Copilot is Microsoft’s AI assistant built into Windows and Office apps. ChatGPT is OpenAI’s AI assistant available in a browser and mobile app. Both use similar underlying technology but are designed for very different workflows.

What Is Microsoft Copilot?

Microsoft Copilot is an AI assistant made by Microsoft. It is built directly into Windows 11, the Edge browser, and Microsoft 365 apps including Word, Excel, Outlook, and Teams. You do not need to download anything extra to use the basics – if you have Windows 11 or a Microsoft 365 subscription, Copilot is already available to you.

Copilot is powered by the same underlying technology as ChatGPT. Microsoft has a deep partnership with OpenAI and uses OpenAI models in its products. But Microsoft has tuned Copilot specifically for productivity tasks inside its own software, so the experience feels different even though the engine is similar.

The free version of Copilot is built into Windows and the Edge browser and handles general questions and chat. Copilot Pro costs $20 per month and unlocks deeper integration with Microsoft 365 – drafting emails inside Outlook, summarizing documents inside Word, and analyzing data inside Excel without ever switching to a separate tool.

What Is ChatGPT?

ChatGPT is an AI assistant made by OpenAI – the company that created the technology that powers much of the current wave of AI tools. It lives at chat.openai.com and in iOS and Android apps. Unlike Copilot, it is not built into any operating system or productivity suite. It is a standalone tool you open when you need it.

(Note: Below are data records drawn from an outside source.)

lemma poly2_boundary_factorE:
  fixes V :: "'a::field_char_0 poly poly"
  assumes zero: "\<And>x y. x \<in> {-1, 1} \<or> y \<in> {-1, 1} \<Longrightarrow> poly2 V (x, y) = 0"
  obtains Q where "V = [:-1, 0, 1:] * smult [:-1, 0, 1:] Q"
proof -
  let ?X2 = "[:-1, 0, 1:] :: 'a poly"
  have "poly V [:c:] = 0" if "c \<in> {-1, 1}" for c
    unfolding poly_all_0_iff_0[symmetric] using zero[of c] that by (auto simp: poly2_def)
  then have "[:-1, 0, 1:] dvd V"
    by (intro square_minus_one_dvdI) (auto simp: one_pCons)
  then obtain W where VW: "V = [:-1, 0, 1:] * W"
    by (elim dvdE)
  have "poly (coeff W i) y = 0" if "y \<in> {-1, 1}" for i y
  proof -
    let ?g = "map_poly (\<lambda>q. poly q y) W"
    have "poly (?X2 * ?g) x = poly2 V (x, y)" for x
      by (simp add: VW poly2_eq_poly_map_poly[symmetric]) (simp add: poly2_def)
    then have "?X2 * ?g = 0"
      using zero that by (simp add: poly_all_0_iff_0[symmetric])
    then have "?g = 0"
      by (simp only: mult_eq_0_iff) simp
    then show ?thesis
      by (metis coeff_0 coeff_map_poly poly_0)
  qed
  then have dvd: "?X2 dvd coeff W i" for i
    by (intro square_minus_one_dvdI) auto
  have "W = smult ?X2 (map_poly (\<lambda>q. q div ?X2) W)"
    by (rule poly_eqI) (simp only: coeff_smult coeff_map_poly div_0 dvd_mult_div_cancel[OF dvd])
  with VW show thesis
    using that by metis
qed

lemma coeff_coeff_boundary_factor:
  fixes Q :: "'a::comm_ring_1 poly poly"
  shows "coeff (coeff ([:-1, 0, 1:] * smult [:-1, 0, 1:] Q) (Suc (Suc i))) (Suc (Suc j)) =
    coeff (coeff Q i) j - coeff (coeff Q (i + 2)) j - coeff (coeff Q i) (j + 2)
      + coeff (coeff Q (i + 2)) (j + 2)"
  by (simp add: mult_pCons_left coeff_pCons algebra_simps)

lemma boundary_factor_total_degree:
  fixes Q :: "'a::comm_ring_1 poly poly"
  assumes supp: "\<And>i j. coeff (coeff ([:-1, 0, 1:] * smult [:-1, 0, 1:] Q) i) j \<noteq> 0 \<Longrightarrow>
      i + j \<le> m \<or> (i, j) = (m, 1) \<or> (i, j) = (1, m)"
    and nz: "coeff (coeff Q i) j \<noteq> 0"
  shows "i + j + 4 \<le> m"
proof -
  define S where "S = {i + j | i j. coeff (coeff Q i) j \<noteq> 0}"
  have "s \<le> degree Q + (\<Sum>i\<le>degree Q. degree (coeff Q i))" if "s \<in> S" for s
  proof -
    obtain i j where ij: "s = i + j" "coeff (coeff Q i) j \<noteq> 0"
      using \<open>s \<in> S\<close> by (auto simp: S_def)
    then have "i \<le> degree Q" "j \<le> degree (coeff Q i)"
      by (auto intro: le_degree)
    moreover have "degree (coeff Q i) \<le> (\<Sum>i\<le>degree Q. degree (coeff Q i))"
      using \<open>i \<le> degree Q\<close> by (intro member_le_sum) auto
    ultimately show ?thesis
      using ij by linarith
  qed
  then have "finite S"
    by (meson finite_nat_set_iff_bounded_le)
  moreover have "i + j \<in> S"
    using nz by (auto simp: S_def)
  ultimately have "Max S \<in> S" and le_Max: "i + j \<le> Max S"
    by (auto intro: Max_in)
  then obtain i0 j0 where top: "Max S = i0 + j0" "coeff (coeff Q i0) j0 \<noteq> 0"
    by (auto simp: S_def)
  have "coeff (coeff Q i') j' = 0" if "i0 + j0 < i' + j'" for i' j'
    using Max_ge[OF \<open>finite S\<close>, of "i' + j'"] that top(1) by (auto simp: S_def)
  \<comment> \<open>at the top total degree, only the leading term of the factor contributes\<close>
  then have "coeff (coeff ([:-1, 0, 1:] * smult [:-1, 0, 1:] Q) (Suc (Suc i0))) (Suc (Suc j0)) \<noteq> 0"
    using top(2) by (simp add: coeff_coeff_boundary_factor)
  then have "i0 + j0 + 4 \<le> m"
    using supp by fastforce
  with le_Max top(1) show ?thesis
    by linarith
qed

lemma poly2_in_P2:
  fixes Q :: "real poly poly"
  assumes supp: "\<And>i j. coeff (coeff Q i) j \<noteq> 0 \<Longrightarrow> i + j \<le> n"
  shows "poly2 Q \<in> P2 n"
proof -
  define S where "S = (\<Sum>i\<le>n. \<Sum>j\<le>n - i. monom (monom (coeff (coeff Q i) j) j) i)"
  have "Q = S"
  proof (intro poly_eqI)
    fix a b
    have "coeff S a
        = (\<Sum>i\<le>n. if i = a then \<Sum>j\<le>n - i. monom (coeff (coeff Q i) j) j else 0)"
      unfolding S_def coeff_sum coeff_monom by (intro sum.cong) auto
    also have "\<dots> = (if a \<le> n then \<Sum>j\<le>n - a. monom (coeff (coeff Q a) j) j else 0)"
      by (simp add: sum.delta')
    finally show "coeff (coeff Q a) b = coeff (coeff S a) b"
      using supp[of a b] by (cases "coeff (coeff Q a) b = 0") (auto simp: coeff_sum)
  qed
  moreover have "poly2 S (x, y) = (\<Sum>i\<le>n. \<Sum>j\<le>n - i. coeff (coeff Q i) j * x ^ i * y ^ j)" for x y
    by (simp add: S_def poly2_sum)
  ultimately have "poly2 Q = (\<lambda>(x, y). \<Sum>i\<le>n. \<Sum>j\<le>n - i. coeff (coeff Q i) j * x ^ i * y ^ j)"
    by (auto simp: fun_eq_iff)
  then show ?thesis
    unfolding P2_def by (intro CollectI exI[of _ "\<lambda>i j. coeff (coeff Q i) j"])
qed

lemma poly2_zero_on_square_boundary:
  fixes V :: "real poly poly"
  assumes deg: "degree V \<le> 2 * k" "\<And>i. degree (coeff V i) \<le> 2 * k"
    and zero: "\<And>z. z \<in> Gplus k \<union> {(1, 1)} \<Longrightarrow> poly2 V z = 0"
    and edge: "x \<in> {-1, 1} \<or> y \<in> {-1, 1}"
  shows "poly2 V (x, y) = 0"
proof -
  define vert where "vert c = poly V [:c:]" for c
  define horz where "horz c = map_poly (\<lambda>q. poly q c) V" for c
  have poly_vert: "poly (vert c) t = poly2 V (c, t)" for c t
    by (simp add: vert_def poly2_def)
  have poly_horz: "poly (horz c) t = poly2 V (t, c)" for c t
    by (simp add: horz_def poly2_eq_poly_map_poly)
  have deg_vert: "degree (vert c) \<le> 2 * k" for c
    unfolding vert_def using deg(2) by (rule degree_poly_const_le)
  have deg_horz: "degree (horz c) \<le> 2 * k" for c
    unfolding horz_def using deg(1) map_poly_degree_leq le_trans by blast
  have gauss: "poly2 V (c, g) = 0 \<and> poly2 V (g, c) = 0" if "c \<in> {-1, 1}" "g \<in> gauss_pts k" for c g
    using zero that unfolding Gplus_def by blast
  have vert_1: "vert 1 = 0"
    by (rule poly_eq_0_if_vanishes_on_gauss_pts[OF deg_vert, of _ 1]) (auto simp: poly_vert gauss zero)
  have horz_1: "horz 1 = 0"
    by (rule poly_eq_0_if_vanishes_on_gauss_pts[OF deg_horz, of _ 1]) (auto simp: poly_horz gauss zero)
  \<comment> \<open>the corners (-1, 1) and (1, -1) lie on the edges already shown to vanish\<close>
  have "poly2 V (-1, 1) = 0" "poly2 V (1, -1) = 0"
    using poly_horz[of 1 "-1"] poly_vert[of 1 "-1"] by (simp_all add: horz_1 vert_1)
  then have vert_horz_minus_1: "vert (-1) = 0" "horz (-1) = 0"
    by (auto intro!: poly_eq_0_if_vanishes_on_gauss_pts[OF deg_vert, of _ 1]
        poly_eq_0_if_vanishes_on_gauss_pts[OF deg_horz, of _ 1] simp: poly_vert poly_horz gauss)
  show ?thesis
    using edge vert_1 horz_1 vert_horz_minus_1 poly_vert[of x y] poly_horz[of y x] by auto
qed

lemma poly2_zero_if_vanishes_on_admissible_I:
  fixes Q :: "real poly poly"
  assumes adm: "admissible_I k I"
    and supp: "\<And>i j. coeff (coeff Q i) j \<noteq> 0 \<Longrightarrow> i + j + 4 \<le> 2 * k"
    and zero: "\<And>z. z \<in> I \<Longrightarrow> poly2 Q z = 0"
  shows "poly2 Q = (\<lambda>_. 0)"
proof (cases "k = 1")
  case True
  then have "Q = 0"
    using supp by (fastforce intro!: poly_eqI)
  then show ?thesis
    by (simp add: poly2_def fun_eq_iff)
next
  case False
  have "poly2 Q \<in> P2 (2 * k - 4)"
    using supp by (intro poly2_in_P2) fastforce
  moreover have "(\<lambda>_. 0) \<in> P2 (2 * k - 4)"
    unfolding P2_def by (rule CollectI, rule exI[of _ "\<lambda>_ _. 0"]) auto
  ultimately show ?thesis
    using adm False zero unfolding admissible_I_def by auto
qed

lemma poly2_cofactor_zero_on_admissible_I:
  fixes Q :: "real poly poly"
  assumes "admissible_I k I" "z \<in> I" "poly2 ([:-1, 0, 1:] * smult [:-1, 0, 1:] Q) z = 0"
  shows "poly2 Q z = 0"
proof -
  obtain x y where z: "z = (x, y)"
    by force
  then have "-1 < x \<and> x < 1 \<and> -1 < y \<and> y < 1"
    using assms(1,2) unfolding admissible_I_def by (auto split: if_splits)
  then have "x\<^sup>2 - 1 \<noteq> 0" "y\<^sup>2 - 1 \<noteq> 0"
    by (auto simp: power2_eq_1_iff)
  moreover have "(x\<^sup>2 - 1) * (y\<^sup>2 - 1) * poly2 Q (x, y) = 0"
    using assms(3) z by (simp only: poly2_boundary_factor_eq)
  ultimately show ?thesis
    using z by simp
qed

theorem mainTheorem6:
  fixes k :: nat and I :: "(real \<times> real) set" and v :: "real \<times> real \<Rightarrow> real"
  assumes "k \<ge> 1"
    and "admissible_I k I"
    and "v \<in> Rplus (2 * k)"
    and "\<forall>z \<in> Gplus k \<union> I \<union> {(1, 1)}. v z = 0"
  shows "v = (\<lambda>_. 0)"
proof -
  obtain V where v: "v = poly2 V"
    and supp: "\<And>i j. coeff (coeff V i) j \<noteq> 0 \<Longrightarrow>
      i + j \<le> 2 * k \<or> (i, j) = (2 * k, 1) \<or> (i, j) = (1, 2 * k)"
    using Rplus_poly2E[OF assms(3)] by blast
  have "degree V \<le> 2 * k" "degree (coeff V i) \<le> 2 * k" for i
    using supp assms(1) by (fastforce intro!: degree_le poly_eqI)+
  then have "poly2 V (x, y) = 0" if "x \<in> {-1, 1} \<or> y \<in> {-1, 1}" for x y
    using poly2_zero_on_square_boundary that assms(4) v by blast
  then obtain Q where VQ: "V = [:-1, 0, 1:] * smult [:-1, 0, 1:] Q"
    using poly2_boundary_factorE by blast
  have vQ: "v (x, y) = (x\<^sup>2 - 1) * (y\<^sup>2 - 1) * poly2 Q (x, y)" for x y
    by (simp only: v VQ poly2_boundary_factor_eq)
  have "poly2 Q = (\<lambda>_. 0)"
  proof (rule poly2_zero_if_vanishes_on_admissible_I[OF assms(2)])
    show "i + j + 4 \<le> 2 * k" if "coeff (coeff Q i) j \<noteq> 0" for i j
      using boundary_factor_total_degree[OF supp[unfolded VQ] that] .
    show "poly2 Q z = 0" if "z \<in> I" for z
    proof (rule poly2_cofactor_zero_on_admissible_I[OF assms(2) that])
      have "v z = 0"
        using assms(4) that by blast
      then show "poly2 ([:-1, 0, 1:] * smult [:-1, 0, 1:] Q) z = 0"
        by (simp only: v VQ)
    qed
  qed
  then show ?thesis
    by (simp add: fun_eq_iff vQ)
qed

end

ChatGPT is designed for open-ended conversation. You can ask it to write, research, explain, code, brainstorm, translate, or answer almost any question you can think of. It is extremely flexible – you bring the context and it works with whatever you give it.

ChatGPT offers a free tier that gives you access to GPT-4o with some daily usage limits. ChatGPT Plus costs $20 per month and removes most of those limits, adds faster responses, priority access during busy periods, and includes image generation through DALL-E built right into the chat.

Tip

If you already pay for Microsoft 365, Copilot Pro is worth trying before adding a separate ChatGPT Plus subscription. The integration with Word, Outlook, and Teams can save a lot of time if you live in those apps every day – and it is the same $20 per month price.

Where Each Tool Lives

This is one of the most important practical differences between the two tools, and it often determines which one is right for you.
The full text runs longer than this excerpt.